The RSHS Library supports the students by providing resources ranging from traditional print and microform to electronic subscription e-journals and databases. Located on the administrative building, the library is composed of the General Library, which stores encyclopedias; the Natural Science Section which covers sciences, mathematics and ICT; the Human Sciences Library which covers history, languages and literature, and other fields of social sciences; and the Multi-media and Internet Library.

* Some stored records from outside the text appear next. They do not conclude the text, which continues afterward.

lemma fr_hom [simp]: "i \<le> zlen Y \<Longrightarrow> fr ! i \<in> Hom D"
  and fr_dom [simp]: "i \<le> zlen Y \<Longrightarrow> Dom D (fr ! i) = zreg X ! hat fs i"
  and fr_cod [simp]: "i \<le> zlen Y \<Longrightarrow> Cod D (fr ! i) = zreg Y ! i"
  and fsg_hom [simp]: "j < zlen X \<Longrightarrow> fsg ! j \<in> Hom D"
  and fsg_dom [simp]: "j < zlen X \<Longrightarrow> Dom D (fsg ! j) = zsing X ! j"
  and fsg_cod [simp]: "j < zlen X \<Longrightarrow> Cod D (fsg ! j) = zsing Y ! (fs ! j)"
  using fr fsg by auto

lemmas [simp] = fr_length fsg_length zobj_simps[OF dom_zobj] zobj_simps[OF cod_zobj]

lemma zig_cond_iff_legs:
  "zig_cond D X Y fs fr fsg i \<longleftrightarrow> (\<forall>k. hat fs i \<le> k \<longrightarrow> k \<le> hat fs (Suc i) \<longrightarrow>
     right_leg D X Y fs fr fsg i k = left_leg D X Y fs fr fsg i k)"
proof -
  define a b where "a = hat fs i" and "b = hat fs (Suc i)"
  have fibre: "{j. j < length fs \<and> fs ! j = i} = {a..<b}"
    unfolding a_def b_def using fibre_eq_hat[OF fs_sorted] .
  have "a \<le> b" unfolding a_def b_def using hat_mono[OF fs_sorted] by simp
  then consider "a < b" | "a = b" by linarith
  then show ?thesis
  proof cases
    case 1
    then have "Min {a..<b} = a" "Max {a..<b} = b - 1" by (auto intro!: Min_eqI Max_eqI)
    then show ?thesis
      using chain_conds_iff_legs[OF 1, of "\<lambda>k. Comp D (fsg ! k) (zfw X ! k)"
          "Comp D (zfw Y ! i) (fr ! i)" "\<lambda>j. Comp D (fsg ! j) (zbw X ! j)"
          "Comp D (zbw Y ! i) (fr ! Suc i)"] 1
      unfolding zig_cond_def Let_def fibre right_leg_def left_leg_def a_def[symmetric] b_def[symmetric]
      by simp
  next
    case 2
    then show ?thesis
      unfolding zig_cond_def Let_def fibre right_leg_def left_leg_def a_def[symmetric] b_def[symmetric]
      by (auto simp: le_antisym)
  qed
qed
lemma modulus_invertible_mod_Tset: "\<exists>v\<in>G. \<forall>\<^sub>F j in cofinite. [q i * v j = 1] (mod q j)"
proof -
  define c where "c = (\<lambda>j. (int (p i ^ e i) * (1 mod q j)) mod q j)"
  have "c \<in> G"
    unfolding c_def by (rule G_nat_multiple_closed[OF G_one_closed])
  have c_cong: "[c j = q i] (mod q j)" for j
    by (simp add: c_def modulus_def cong_def mod_simps)
  have "{j. 0 < e j} - {i} \<subseteq> {j. c j \<noteq> 0}"
  proof
    fix j
    assume j: "j \<in> {j. 0 < e j} - {i}"
    have "c j \<noteq> 0"
    proof
      assume "c j = 0"
      then have "q j dvd q i"
        using cong_sym[OF c_cong[of j]] by (simp add: cong_0_iff)
      then have "is_unit (q j)"
        using coprime_modulus[of j i] j by (auto simp: coprime_absorb_right)
      then show False
        using modulus_gt_1[of j] j by simp
    qed
    then show "j \<in> {j. c j \<noteq> 0}"
      by simp
  qed
  then have "infinite {j. c j \<noteq> 0}"
    using infinite_nonzero_exponents finite_subset by fastforce
  then have "c \<notin> Tset p e"
    by (simp add: Tset_iff eventually_cofinite)
  then obtain v where "v \<in> G" and v: "\<forall>\<^sub>F j in cofinite. [c j * v j = 1] (mod q j)"
    using inverse_mod_Tset \<open>c \<in> G\<close> by blast
  have "\<forall>\<^sub>F j in cofinite. [q i * v j = 1] (mod q j)"
    using v by (auto elim!: eventually_mono intro: cong_trans[rotated]
        cong_scalar_right[OF cong_sym[OF c_cong]])
  then show ?thesis
    using \<open>v \<in> G\<close> by blast
qed

lemma G_vanishing_decomposition:
  assumes y: "y \<in> G" and "y i = 0"
  shows "\<exists>w\<in>G. \<exists>z\<in>Tset p e. z i = 0 \<and> y = (\<lambda>j. ((q i * w j) mod q j + z j) mod q j)"
proof -
  obtain v where "v \<in> G" and v: "\<forall>\<^sub>F j in cofinite. [q i * v j = 1] (mod q j)"
    using modulus_invertible_mod_Tset by blast
  define w where "w = (\<lambda>j. (v j * y j) mod q j)"
  define a where "a = (\<lambda>j. (q i * w j) mod q j)"
  define z where "z = (\<lambda>j. (y j - a j) mod q j)"
  have "w \<in> G"
    unfolding w_def by (rule G_mult_closed[OF \<open>v \<in> G\<close> y])
  have "[a j = y j] (mod q j)" if "[q i * v j = 1] (mod q j)" for j
  proof -
    have "[a j = (q i * v j) * y j] (mod q j)"
      by (simp add: a_def w_def cong_def mod_simps mult.assoc)
    also have "[(q i * v j) * y j = 1 * y j] (mod q j)"
      using that by (rule cong_scalar_right)
    finally show ?thesis by simp
  qed
  moreover have "z j = 0" if "[a j = y j] (mod q j)" for j
    using cong_sym[OF that] by (simp add: z_def cong_iff_dvd_diff mod_eq_0_iff_dvd)
  ultimately have "\<forall>\<^sub>F j in cofinite. z j = 0"
    using v by (auto elim!: eventually_mono)
  then have "z \<in> Tset p e"
    by (simp add: Tset_iff z_def)
  moreover have "z i = 0"
    using \<open>y i = 0\<close> by (simp add: z_def a_def)
  moreover have "y = (\<lambda>j. (a j + z j) mod q j)"
    using G_bounds[OF y] by (auto simp: z_def mod_add_right_eq)
  ultimately show ?thesis
    using \<open>w \<in> G\<close> unfolding a_def by blast
qed

context
  fixes f :: "(nat \<Rightarrow> int) \<Rightarrow> nat \<Rightarrow> int"
  assumes endo: "add_endo R f"
begin

lemma endo_coord_zero:
  assumes "y \<in> G" and "y i = 0"
  shows "f y i = 0"
proof -
  obtain w z where "w \<in> G" and "z \<in> Tset p e" and "z i = 0"
    and y: "y = (\<lambda>j. ((q i * w j) mod q j + z j) mod q j)"
    using G_vanishing_decomposition assms by blast
  have "z \<in> G"
    using \<open>z \<in> Tset p e\<close> Tset_subset by blast
  have "(\<lambda>j. (q i * w j) mod q j) \<in> G"
    using G_nat_multiple_closed[OF \<open>w \<in> G\<close>, of "p i ^ e i"] by (simp add: modulus_def)
  then have "f y = (\<lambda>j. (f (\<lambda>j. (q i * w j) mod q j) j + f z j) mod q j)"
    unfolding y using \<open>z \<in> G\<close> by (rule endo_add[OF endo])
  moreover have "f (\<lambda>j. (q i * w j) mod q j) = (\<lambda>j. (q i * f w j) mod q j)"
    using endo_nat_multiple[OF endo \<open>w \<in> G\<close>, of "p i ^ e i"] by (simp add: modulus_def)
  moreover have "f z i = 0"
    using \<open>z \<in> Tset p e\<close> \<open>z i = 0\<close> by (rule endo_coord_zero_if_Tset[OF endo])
  ultimately show ?thesis
    by simp
qed

lemma endo_eq_mult:
  assumes x: "x \<in> G"
  shows "f x = f \<one>\<^bsub>R\<^esub> \<otimes>\<^bsub>R\<^esub> x"
proof -
  let ?r = "f (\<lambda>j. 1 mod q j)"
  have "f x i = (?r i * x i) mod q i" for i
  proof -
    define n where "n = nat (q i - x i)"
    define u where "u = (\<lambda>j. (int n * (1 mod q j)) mod q j)"
    have "u \<in> G"
      unfolding u_def by (rule G_nat_multiple_closed[OF G_one_closed])
    have n: "int n = q i - x i"
      using G_bounds[OF x, of i] by (simp add: n_def)
    have "(x i + u i) mod q i = 0"
      by (simp add: u_def n mod_simps)
    then have "f (\<lambda>j. (x j + u j) mod q j) i = 0"
      using endo_coord_zero[OF G_add_closed[OF x \<open>u \<in> G\<close>]] by simp
    moreover have "f (\<lambda>j. (x j + u j) mod q j) = (\<lambda>j. (f x j + f u j) mod q j)"
      by (rule endo_add[OF endo x \<open>u \<in> G\<close>])
    moreover have "f u = (\<lambda>j. (int n * ?r j) mod q j)"
      unfolding u_def by (rule endo_nat_multiple[OF endo G_one_closed])
    ultimately have "(f x i + (q i - x i) * ?r i) mod q i = 0"
      by (simp add: n mod_add_right_eq)
    then have "q i dvd f x i + (q i - x i) * ?r i"
      by (simp only: mod_eq_0_iff_dvd)
    then have "q i dvd (f x i + (q i - x i) * ?r i) - q i * ?r i"
      by (rule dvd_diff) simp
    then have "[f x i = x i * ?r i] (mod q i)"
      by (simp add: cong_iff_dvd_diff left_diff_distrib)
    then show ?thesis
      using G_bounds[OF endo_closed[OF endo x]] by (simp add: cong_def mult.commute)
  qed
  then show ?thesis
    by (simp add: Pring_simps fun_eq_iff)
qed

end

lemma E_ring: "E_ring R"
  unfolding E_ring_def
proof (intro allI impI)
  fix f
  assume endo: "add_endo R f"
  have "f \<one>\<^bsub>R\<^esub> \<in> carrier R"
    using endo_closed[OF endo G_one_closed] by (simp add: R_simps)
  moreover have "\<forall>x\<in>carrier R. f x = f \<one>\<^bsub>R\<^esub> \<otimes>\<^bsub>R\<^esub> x"
    unfolding R_simps(1) using endo_eq_mult[OF endo] by blast
  ultimately show "\<exists>r\<in>carrier R. \<forall>x\<in>carrier R. f x = r \<otimes>\<^bsub>R\<^esub> x"
    by blast
qed

lemma ex_cong_pow_Suc_almost_in_G:
  assumes r: "r \<in> G"
  shows "\<exists>n. \<exists>s\<in>G. \<exists>s'. finite {j. s' j \<noteq> s j} \<and>
    (\<forall>j. [r j ^ Suc n * s' j = r j ^ n] (mod q j))"
proof -
  obtain s where "s \<in> G" and s: "\<forall>\<^sub>F j in cofinite. [r j * s j * r j = r j] (mod q j)"
    using regular_mod_Tset r by blast
  define F where "F = {j. \<not> [r j * s j * r j = r j] (mod q j)}"
  define n where "n = Suc (sum e F)"
  have "finite F"
    using s by (simp add: F_def eventually_cofinite)
  have "\<exists>t. [r j ^ Suc n * t = r j ^ n] (mod q j) \<and> (j \<notin> F \<longrightarrow> t = s j)" for j
  proof (cases "j \<in> F")
    case True
    then have "e j \<le> n"
      using \<open>finite F\<close> member_le_sum[of j F e] by (simp add: n_def)
    moreover have "Factorial_Ring.prime (int (p j))"
      using primes by simp
    ultimately show ?thesis
      using ex_cong_pow_Suc_prime_power True by (simp add: modulus_def)
  next
    case False
    then have "[r j * s j * r j = r j] (mod q j)"
      by (simp add: F_def)
    then have "[r j ^ Suc n * s j = r j ^ n] (mod q j)"
      by (rule cong_pow_Suc_if_regular) (simp add: n_def)
    then show ?thesis
      by blast
  qed
  then have "\<forall>j. \<exists>t. [r j ^ Suc n * t = r j ^ n] (mod q j) \<and> (j \<notin> F \<longrightarrow> t = s j)"
    by blast
  then obtain s' where s': "\<forall>j. [r j ^ Suc n * s' j = r j ^ n] (mod q j) \<and> (j \<notin> F \<longrightarrow> s' j = s j)"
    by (rule exE[OF choice])
  then have "{j. s' j \<noteq> s j} \<subseteq> F"
    by blast
  then have "finite {j. s' j \<noteq> s j}"
    using \<open>finite F\<close> by (rule finite_subset)
  then show ?thesis
    using \<open>s \<in> G\<close> s' by blast
qed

The school has also one covered court where sports activities and other productions are held. Construction of the facility began in 2001 as part of the project of the 5th batch of SCIons (class 2002).

Performance

NSAT and NAT and other examinations

Regional Science High School for Region 1 is one of the top high schools in the National Secondary Assessment Test (NSAT) and National Achievement Test (NAT). Likewise it also maintains a high passing rate in college entrance examinations from top caliber universities in the Philippines, such as: University of the Philippines College Admission Test (UPCAT), Ateneo de Manila University College Entrance Test (ACET), De La Salle University College Entrance Test (DLSU-CET), University of Santo Tomas College Entrance Test (UST-CET) and Saint Louis University- Baguio City College Entrance Examination (SLU-CEE). RSHS-1 seniors also showed good passing rate in the Department of Science and Technology Scholarship Examinations.

Competitions
National competitions
National Intel Philippine Science Fair
Philippine Super Quiz bee Science
DAMATHS Olympiad
National School Press Conference
International competitions
 Delegate to the SEAMEO Search for Young Scientists, Penang, Malaysia-July 5–9, 1999
Delegate to the 53rd Intel International Science and Engineering Fair, Kentucky, USA – May 12–18, 2002
Delegate to the Future Creation Fair, JIII, Tokyo, Japan-August 26–31, 2004

Alumni
RSHS-1 alumni are called "SCIons" from the word "Scio" (Latin) word which means science, knowledge and to know; "ions" which implies their importance to society; and the word itself "scion" which denotes descendant of Galileo Galilei, the Father of Modern Science.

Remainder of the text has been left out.